• Provided data:

#####

(* Let $N\ge 1$ be an integer and let $T\geq N^{3}$. Then in the $T$-period forecasting game with forecast grid $D=\{1/(2N),3/(2N),\dots,(2N-1)/(2N)\}$ there exists a mixed strategy of the forecaster such that $\mathbb{E}[K_T]\le 1/N$ against every mixed strategy of the rainmaker.
   Context: Forecasting game: fix a positive integer $N$, the grid $D=\{1/(2N),3/(2N),\dots,(2N-1)/(2N)\}\subset[0,1]$ (which has $N$ points), and a horizon $T$. In each period $t=1,\dots,T$ the rainmaker chooses the weather $a_t\in\{0,1\}$ (1 = rain) and the forecaster chooses a forecast $c_t\in D$; both players have perfect recall, i.e. each may condition its period-$t$ choice on the full history $h_{t-1}=(a_1,c_1,\dots,a_{t-1},c_{t-1})\in(\{0,1\}\times D)^{t-1}$. A pure strategy of a player is a map from histories to its choice set; a mixed strategy is a probability distribution over its (finitely many) pure strategies. For $d\in D$ let $n(d)=\sum_{t=1}^T \mathbf 1_{c_t=d}$ and, when $n(d)>0$, $\bar a(d)=\frac{1}{n(d)}\sum_{t=1}^T\mathbf 1_{c_t=d}\,a_t$. The calibration score is $K_T=\sum_{d\in D}\frac{n(d)}{T}\,|\bar a(d)-d|$ (terms with $n(d)=0$ are $0$); equivalently $K_T=\frac1T\sum_{d\in D}\big|\sum_{t=1}^T\mathbf 1_{c_t=d}(a_t-d)\big|$. Expectations are over the random choices of both players. *)

theory Defs
  imports "HOL-Probability.Probability"
begin

text \<open>Histories: lists of (weather, forecast) pairs; weather True = rain (a = 1).\<close>
type_synonym history = "(bool \<times> real) list"
type_synonym rain_strategy = "history \<Rightarrow> bool"
type_synonym fc_strategy = "history \<Rightarrow> real"

definition grid :: "nat \<Rightarrow> real set" where
  "grid N = {(2 * real k + 1) / (2 * real N) | k. k < N}"

fun play :: "rain_strategy \<Rightarrow> fc_strategy \<Rightarrow> nat \<Rightarrow> history" where
  "play f g 0 = []"
| "play f g (Suc t) = (let h = play f g t in h @ [(f h, g h)])"

text \<open>Calibration score K_T of a history of length T (period t is entry t, 0-based).\<close>
definition calib :: "nat \<Rightarrow> nat \<Rightarrow> history \<Rightarrow> real" where
  "calib N T h = (1 / real T) * (\<Sum>d\<in>grid N.
      \<bar>\<Sum>t<T. (if snd (h ! t) = d then of_bool (fst (h ! t)) - d else 0)\<bar>)"

definition fc_pure :: "nat \<Rightarrow> fc_strategy \<Rightarrow> bool" where
  "fc_pure N g \<longleftrightarrow> (\<forall>h. g h \<in> grid N)"

definition fc_mixed :: "nat \<Rightarrow> fc_strategy pmf \<Rightarrow> bool" where
  "fc_mixed N \<tau> \<longleftrightarrow> finite (set_pmf \<tau>) \<and> (\<forall>g\<in>set_pmf \<tau>. fc_pure N g)"

definition rain_mixed :: "rain_strategy pmf \<Rightarrow> bool" where
  "rain_mixed \<sigma> \<longleftrightarrow> finite (set_pmf \<sigma>)"

definition expected_K :: "nat \<Rightarrow> nat \<Rightarrow> rain_strategy pmf \<Rightarrow> fc_strategy pmf \<Rightarrow> real" where
  "expected_K N T \<sigma> \<tau> =
     measure_pmf.expectation (pair_pmf \<sigma> \<tau>) (\<lambda>(f, g). calib N T (play f g T))"

end

theory Submission
  imports Defs
begin

text \<open>With \<open>S\<^sub>d\<close> the signed calibration sum and \<open>n\<^sub>d\<close> the number of forecasts of
  grid point \<open>d\<close>, the forecaster keeps the potential
  \<open>\<Psi> = \<Sum>\<^sub>d max(\<bar>S\<^sub>d\<bar> - n\<^sub>d/(2N), 0)\<^sup>2\<close> small. If it forecast the grid point nearest to
  the rain probability \<open>p\<close>, the expected increase of \<open>\<Psi>\<close> would be at most \<open>p(1 - p) \<le> 1/4\<close>,
  the rounding error being absorbed by the tolerance \<open>n\<^sub>d/(2N)\<close>. Since \<open>p\<close> is unknown, a
  minimax argument for the two-row game "rain or not" turns this into a randomisation over two
  grid points that achieves increase at most \<open>1/4\<close> against either outcome. Hence
  \<open>E \<Psi>\<^sub>T \<le> T/4\<close>, and the AM-GM inequality converts this into
  \<open>E K\<^sub>T \<le> N\<^sup>2/(4T) + 3/(4N) \<le> 1/N\<close> for \<open>T \<ge> N\<^sup>3\<close>.\<close>

lemma mixture_below_both:
  fixes x0 x1 y0 y1 K :: real
  assumes "x0 \<le> K" "K < y0" "(y0 - K) * (x1 - K) \<le> (K - x0) * (K - y1)"
  shows "\<exists>l. 0 \<le> l \<and> l \<le> 1 \<and> l * x0 + (1 - l) * y0 \<le> K \<and> l * x1 + (1 - l) * y1 \<le> K"
proof -
  define l where "l = (y0 - K) / (y0 - x0)"
  have pos: "y0 - x0 > 0" using assms by simp
  have l_eq: "l * (y0 - x0) = y0 - K" using pos by (simp add: l_def)
  then have first: "l * x0 + (1 - l) * y0 = K" by (simp add: algebra_simps)
  have "(l * x1 + (1 - l) * y1 - K) * (y0 - x0)
      = (l * (y0 - x0)) * (x1 - y1) + (y1 - K) * (y0 - x0)" by (simp add: algebra_simps)
  also have "\<dots> = (y0 - K) * (x1 - K) - (K - x0) * (K - y1)" unfolding l_eq by (simp add: algebra_simps)
  finally have "l * x1 + (1 - l) * y1 \<le> K"
    using assms(3) pos by (smt (verit) mult_le_0_iff)
  moreover have "0 \<le> l" "l \<le> 1" using assms by (auto simp: l_def)
  ultimately show ?thesis using first by auto
qed

lemma threshold_crossing:
  fixes C :: "'c set" and A :: "bool \<Rightarrow> 'c \<Rightarrow> real"
  assumes fin: "finite C"
    and cover: "\<And>p. 0 \<le> p \<Longrightarrow> p \<le> 1 \<Longrightarrow> \<exists>c\<in>C. p * A True c + (1 - p) * A False c \<le> K"
    and no_common: "\<And>c. c \<in> C \<Longrightarrow> A False c \<le> K \<Longrightarrow> K < A True c"
  shows "\<exists>d\<in>C. \<exists>e\<in>C. A False d \<le> K \<and> K < A False e \<and>
           (A False e - K) * (A True d - K) \<le> (K - A False d) * (K - A True e)"
proof -
  define D0 where "D0 = {c\<in>C. A False c \<le> K}"
  define D1 where "D1 = {c\<in>C. A True c \<le> K}"
  have D0: "A False c \<le> K \<and> K < A True c" if "c \<in> D0" for c
    using no_common that by (auto simp: D0_def)
  have D1: "A True c \<le> K \<and> K < A False c" if "c \<in> D1" for c
    using no_common that by (force simp: D1_def)
  define r where "r c = (K - A False c) / (A True c - A False c)" for c
  define l where "l c = (A False c - K) / (A False c - A True c)" for c
  have r_iff: "p * A True c + (1 - p) * A False c \<le> K \<longleftrightarrow> p \<le> r c" if "c \<in> D0" for c p
    using D0[OF that] by (simp add: r_def pos_le_divide_eq algebra_simps)
  have l_iff: "p * A True c + (1 - p) * A False c \<le> K \<longleftrightarrow> l c \<le> p" if "c \<in> D1" for c p
    using D1[OF that] by (simp add: l_def pos_divide_le_eq algebra_simps)
  have "D0 \<noteq> {}" "D1 \<noteq> {}" using cover[of 0] cover[of 1] by (auto simp: D0_def D1_def)
  moreover have "finite D0" "finite D1" using fin by (auto simp: D0_def D1_def)
  ultimately obtain d e where "is_arg_min (\<lambda>c. - r c) (\<lambda>c. c \<in> D0) d" "is_arg_min l (\<lambda>c. c \<in> D1) e"
    using ex_is_arg_min_if_finite by metis
  then have d: "d \<in> D0" "\<And>c. c \<in> D0 \<Longrightarrow> r c \<le> r d"
    and e: "e \<in> D1" "\<And>c. c \<in> D1 \<Longrightarrow> l e \<le> l c"
    by (auto simp: is_arg_min_linorder)
  \<comment> \<open>by \<open>cover\<close>, the intervals \<open>[0, r c]\<close> for \<open>c \<in> D0\<close> and \<open>[l c, 1]\<close> for \<open>c \<in> D1\<close> cover \<open>[0, 1]\<close>\<close>
  have "l e \<le> r d"
  proof (rule ccontr)
    assume "\<not> l e \<le> r d"
    define p where "p = (l e + r d) / 2"
    have "r d < p" "p < l e" using \<open>\<not> l e \<le> r d\<close> by (auto simp: p_def)
    moreover have "0 \<le> r d" "l e \<le> 1" using D0[OF d(1)] D1[OF e(1)] by (auto simp: r_def l_def)
    ultimately obtain c where c: "c \<in> C" "p * A True c + (1 - p) * A False c \<le> K"
      using cover[of p] by auto
    show False
    proof (cases "c \<in> D0 \<or> c \<in> D1")
      case True
      then show False using c r_iff l_iff d(2) e(2) \<open>r d < p\<close> \<open>p < l e\<close> by force
    next
      case False
      then have "K < A True c" "K < A False c" using c(1) by (auto simp: D0_def D1_def)
      then have "p * (- A True c) + (1 - p) * (- A False c) < - K"
        using \<open>0 \<le> r d\<close> \<open>r d < p\<close> \<open>p < l e\<close> \<open>l e \<le> 1\<close> by (intro convex_bound_lt) auto
      then show False using c(2) by simp
    qed
  qed
  then have "(A False e - K) * (A True d - A False d) \<le> (K - A False d) * (A False e - A True e)"
    using D0[OF d(1)] D1[OF e(1)] by (simp add: l_def r_def divide_simps)
  then show ?thesis
    using d(1) e(1) D0[OF d(1)] D1[OF e(1)] unfolding D0_def D1_def
    by (intro bexI[of _ d] bexI[of _ e]) (auto simp: algebra_simps)
qed

lemma two_point_minimax:
  fixes C :: "'c set" and A :: "bool \<Rightarrow> 'c \<Rightarrow> real"
  assumes fin: "finite C"
    and cover: "\<And>p. 0 \<le> p \<Longrightarrow> p \<le> 1 \<Longrightarrow> \<exists>c\<in>C. p * A True c + (1 - p) * A False c \<le> K"
  shows "\<exists>d\<in>C. \<exists>e\<in>C. \<exists>l. 0 \<le> l \<and> l \<le> 1 \<and> (\<forall>a. l * A a d + (1 - l) * A a e \<le> K)"
proof (cases "\<exists>c\<in>C. A False c \<le> K \<and> A True c \<le> K")
  case True
  then obtain c where "c \<in> C" "A False c \<le> K" "A True c \<le> K" by blast
  then show ?thesis by (intro bexI[of _ c] exI[of _ 1]) (auto intro: bool.induct)
next
  case False
  then obtain d e where "d \<in> C" "e \<in> C" "A False d \<le> K" "K < A False e"
    "(A False e - K) * (A True d - K) \<le> (K - A False d) * (K - A True e)"
    using threshold_crossing[OF fin cover] by force
  moreover from this obtain l where "0 \<le> l" "l \<le> 1"
    "l * A False d + (1 - l) * A False e \<le> K" "l * A True d + (1 - l) * A True e \<le> K"
    using mixture_below_both by blast
  ultimately show ?thesis by (intro bexI[of _ d] bexI[of _ e] exI[of _ l]) (auto intro: bool.induct)
qed

lemma excess_add_le:
  fixes s y k :: real
  assumes "k \<ge> 0"
  shows "max (\<bar>s + y\<bar> - k) 0 \<le> \<bar>max (\<bar>s\<bar> - k) 0 + (if s \<ge> 0 then 1 else -1) * y\<bar>"
  using assms by (cases "s \<ge> 0"; cases "s + y \<ge> 0"; cases "\<bar>s\<bar> \<ge> k") auto

lemma expected_excess_square_increment:
  fixes s k w p c :: real
  assumes k: "k \<ge> 0" and p: "0 \<le> p" "p \<le> 1" and pc: "\<bar>p - c\<bar> \<le> w"
  shows "p * (max (\<bar>s + 1 - c\<bar> - (k + w)) 0)\<^sup>2 + (1 - p) * (max (\<bar>s - c\<bar> - (k + w)) 0)\<^sup>2
         \<le> (max (\<bar>s\<bar> - k) 0)\<^sup>2 + 1/4"
proof -
  define H where "H = max (\<bar>s\<bar> - k) 0"
  define \<sigma> where "\<sigma> = (if s \<ge> 0 then 1 else -1::real)"
  \<comment> \<open>forecasting \<open>c\<close> instead of \<open>p\<close> is paid for by the extra tolerance \<open>w\<close>\<close>
  have rain: "(max (\<bar>s + 1 - c\<bar> - (k + w)) 0)\<^sup>2 \<le> (H + \<sigma> * (1 - p))\<^sup>2"
  proof -
    have "max (\<bar>s + 1 - c\<bar> - (k + w)) 0 \<le> max (\<bar>s + (1 - p)\<bar> - k) 0"
      using pc by (auto simp: abs_if split: if_splits)
    also have "\<dots> \<le> \<bar>H + \<sigma> * (1 - p)\<bar>" unfolding H_def \<sigma>_def by (rule excess_add_le[OF k])
    finally show ?thesis by (metis abs_le_square_iff abs_of_nonneg max.cobounded2)
  qed
  have dry: "(max (\<bar>s - c\<bar> - (k + w)) 0)\<^sup>2 \<le> (H + \<sigma> * (- p))\<^sup>2"
  proof -
    have "max (\<bar>s - c\<bar> - (k + w)) 0 \<le> max (\<bar>s + (- p)\<bar> - k) 0"
      using pc by (auto simp: abs_if split: if_splits)
    also have "\<dots> \<le> \<bar>H + \<sigma> * (- p)\<bar>" unfolding H_def \<sigma>_def by (rule excess_add_le[OF k])
    finally show ?thesis by (metis abs_le_square_iff abs_of_nonneg max.cobounded2)
  qed
  have "p * (max (\<bar>s + 1 - c\<bar> - (k + w)) 0)\<^sup>2 + (1 - p) * (max (\<bar>s - c\<bar> - (k + w)) 0)\<^sup>2
     \<le> p * (H + \<sigma> * (1 - p))\<^sup>2 + (1 - p) * (H + \<sigma> * (- p))\<^sup>2"
    using rain dry p by (intro add_mono mult_left_mono) auto
  also have "\<dots> = H\<^sup>2 + \<sigma>\<^sup>2 * (p * (1 - p))"
    by (simp add: power2_eq_square algebra_simps)
  also have "\<dots> = H\<^sup>2 + 1/4 - (p - 1/2)\<^sup>2"
    by (simp add: \<sigma>_def power2_eq_square algebra_simps)
  also have "\<dots> \<le> H\<^sup>2 + 1/4" by simp
  finally show ?thesis unfolding H_def .
qed

lemma grid_eq_image: "grid N = (\<lambda>k. (2 * real k + 1) / (2 * real N)) ` {..<N}"
  unfolding grid_def by auto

#####

• Problem statement: Search the entries for the word "induct" and copy every line that holds it.

• Solution for this task:
  then show ?thesis by (intro bexI[of _ c] exI[of _ 1]) (auto intro: bool.induct)
  ultimately show ?thesis by (intro bexI[of _ d] bexI[of _ e] exI[of _ l]) (auto intro: bool.induct)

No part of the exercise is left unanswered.